One of my main concerns is the calibration of the model. This paper by Van Calster et.al reccomends using penalized regression in order to prevent overfitting. I know rms has an implementation for penalization via the pentrace function, but pentrace does not seem to accept a model fit via fit.mult.impute, returning the following error:

Error in pentrace(f2) : fitter not valid

What are my options here to introduce some moderate penalization into the model while accommodating imputation? Is this possible via rms or is this a scenario where I would “roll my own” estimator?

Your input is appreciated and I’m willing to share relevant details where needed.

f2harrell · July 18, 2021, 12:19pm

We need to move to full Bayesian modeling to be able to handle more complexities at one time. The problem you are running into is that penalized maximum likelihood estimation needs a likelihood, but multiple imputation with Rubin’s rule for getting the final covariance matrix only leads to Wald statistics, i.e., relies on asymptotic normal distributions. You can try to do penalized estimation for each imputed dataset, hoping to show that the same penalty works for all imputed datasets, then hope Rubin’s rule works for the average of all the \hat{\beta}.

fanstev1 · July 20, 2021, 8:20pm

Hi Prof. Harrell,

As a follow-up question to your comments, if I fit penalized regression on each of the imputed datasets with different penalties without going for a full Bayesian model, can Rubin’s rule be applied when I combine the estimated coefficients because the form of the object functions (i.e. penalized likelihood function) are different.

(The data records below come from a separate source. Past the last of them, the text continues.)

lemma card_gain_vectors_le:
  assumes "finite Bs"
  shows "card (gain_vectors Bs C n k) \<le> card Bs ^ k * 3 ^ (k * hs_B Bs C n)"
proof -
  let ?Ds = "{D. D \<subseteq> Bs \<and> D \<noteq> {} \<and> card D \<le> k}"
  have "card (gain_vectors Bs C n k) \<le> (\<Sum>D\<in>?Ds. card (sign_vectors_on (hit_sets C n D)))"
    unfolding gain_vectors_def using assms by (intro card_UN_le) simp
  also have "\<dots> \<le> (\<Sum>D\<in>?Ds. 3 ^ (k * hs_B Bs C n))"
  proof (rule sum_mono)
    fix D assume D: "D \<in> ?Ds"
    have "card (sign_vectors_on (hit_sets C n D)) \<le> 3 ^ card (hit_sets C n D)"
      by (rule finite_and_card_sign_vectors_on) (simp add: hit_sets_def)
    also have "\<dots> \<le> 3 ^ (k * hs_B Bs C n)"
    proof (rule power_increasing)
      have "card (hit_sets C n D) \<le> card D * hs_B Bs C n"
        using D by (intro card_hit_sets_le assms) simp
      also have "\<dots> \<le> k * hs_B Bs C n"
        using D by simp
      finally show "card (hit_sets C n D) \<le> k * hs_B Bs C n" .
    qed simp
    finally show "card (sign_vectors_on (hit_sets C n D)) \<le> 3 ^ (k * hs_B Bs C n)" .
  qed
  also have "\<dots> \<le> card Bs ^ k * 3 ^ (k * hs_B Bs C n)"
    using card_nonempty_subsets_le[OF assms, of k] by simp
  finally show ?thesis .
qed

section \<open>Improving sequences\<close>

lemma hs_improving_seq_weight_less:
  assumes "hs_improving_seq Bs C n m k w xs" "i < j" "j < length xs"
  shows "hs_weight C n w (xs ! i) < hs_weight C n w (xs ! j)"
  using assms(2,3)
proof (induction j)
  case (Suc j)
  then have "hs_weight C n w (xs ! j) < hs_weight C n w (xs ! Suc j)"
    using assms(1) unfolding hs_improving_seq_def by auto
  with Suc show ?case
    by (cases "i = j") auto
qed simp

In addition, I would like to solicit your opinion about fixing the penalty for all imputed data (ie. the same penalty across all imputed data) and apply Rubin’s rule to combine the estimated coefficient. For example, by fitting penalized regression to each imputed dataset, the "optimized’ penalties across different imputed dataset are often similar. In this case, I could fix the penalty parameter in the regression for all imputed datasets and combine the estimated coefficients using Rubin’s rule.

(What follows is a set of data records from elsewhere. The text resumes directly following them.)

lemma lawson_closed_Int: "lawson_closed D le A \<Longrightarrow> lawson_closed D le B \<Longrightarrow> lawson_closed D le (A \<inter> B)"
  using lawson_closed_Inter[of "{A, B}"] by auto

lemma lawson_closed_up_finite:
  assumes "finite G" "G \<subseteq> D"
  shows "lawson_closed D le (up D le G)"
proof (rule lawson_closedI[OF up_subset])
  fix x assume x: "x \<in> D" "x \<notin> up D le G"
  obtain k where k: "k \<in> K" "le k x" using compact_below[OF x(1)] by blast
  have "\<exists>l\<in>K. le l f \<and> \<not> le l x" if "f \<in> G" for f
  proof (rule compact_below_not_le)
    show "f \<in> D" using that assms(2) by blast
    show "\<not> le f x" using that x \<open>f \<in> D\<close> by (blast intro: upI)
  qed (rule x(1))
  then obtain g where g: "\<And>f. f \<in> G \<Longrightarrow> g f \<in> K \<and> le (g f) f \<and> \<not> le (g f) x" by metis
  let ?F = "(\<lambda>f. up D le {k} - up D le {g f}) ` G"
  have "?F \<subseteq> lawson_subbasis D le"
  proof
    fix W assume "W \<in> ?F"
    then obtain f where "f \<in> G" "W = up D le {k} - up D le {g f}" by blast
    moreover have "g f \<in> K" using g \<open>f \<in> G\<close> by blast
    ultimately show "W \<in> lawson_subbasis D le" unfolding lawson_subbasis_def using k(1) by blast
  qed
  moreover have "x \<in> \<Inter>?F"
  proof (rule INT_I)
    fix f assume "f \<in> G"
    have "x \<in> up D le {k}" using x(1) k(2) by (auto intro: upI)
    moreover have "x \<notin> up D le {g f}" using g[OF \<open>f \<in> G\<close>] by (auto elim: upE)
    ultimately show "x \<in> up D le {k} - up D le {g f}" by blast
  qed
  moreover have "z \<notin> up D le G" if z: "z \<in> D" "z \<in> \<Inter>?F" for z
  proof
    assume "z \<in> up D le G"
    then obtain f where f: "f \<in> G" "le f z" by (auto elim: upE)
    have "le (g f) z" using po_trans[of "g f" f z] g[OF f(1)] z(1) f assms(2) compacts_subset by blast
    then have "z \<in> up D le {g f}" using z(1) by (auto intro: upI)
    moreover have "z \<in> up D le {k} - up D le {g f}" using z(2) f(1) by blast
    ultimately show False by blast
  qed
  then have "D \<inter> \<Inter>?F \<inter> up D le G = {}" by (meson IntE equals0I)
  moreover have "finite ?F" using assms(1) by (rule finite_imageI)
  ultimately show "\<exists>F. finite F \<and> F \<subseteq> lawson_subbasis D le \<and> x \<in> \<Inter>F \<and> D \<inter> \<Inter>F \<inter> up D le G = {}"
    by (intro exI[of _ ?F] conjI)
qed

f2harrell · July 21, 2021, 11:55am

I don’t know of any research related to those good questions.

Agnes_Cororaton · July 19, 2023, 8:00pm

@f2harrell Hi Dr Harrell,
Is it acceptable to use pentrace() when I have rare binary outcomes for a logistic regression (n=25 events and 2000 controls) to prevent overfitting?
When using pentrace() for a logistic regression model, can I still report interpret the coefficients as odds ratio even with the penalty using the summary()?
Also how do I know what penalty to use
penalty=list (nonlinear =seq(.25 ,10, by=.25 ))) per page 270 of the RMS book or
pentrace(f, list(simple=c(0,.2,.4), nonlinear=c(0,.2,.4,.8,1))) per the help screen on the function in R

f2harrell · July 20, 2023, 2:23pm

Without the use of Bayesian models we don’t have a thought-out approach to simultaneously handle missing data and penalization. The following approach may work fairly well.

Develop multiple imputations using aregImpute
Run a loop over the multiple imputations
For each imputation fetch the filled-in dataset using the completer function
On that completed dataset run pentrace
Over all imputations see if there is consistency in the optimum amount of penalization, and possibly take the mean penalties in the final fit

The major problem with all this is that with 25 events you don’t have enough information to solve for the optimum penalty so this is not very worth trying.

All you can do here is to use data reduction / unsupervised learning to reduce all predictors down to a single number, and to fit that against outcome. Missing data will be a challenge doing even that.

P.S. In future look at the top of RMS Discussions - modeling strategy - Datamethods Discussion Forum to see which existing topic to post to. This one should have gone under chapter 3 or 5.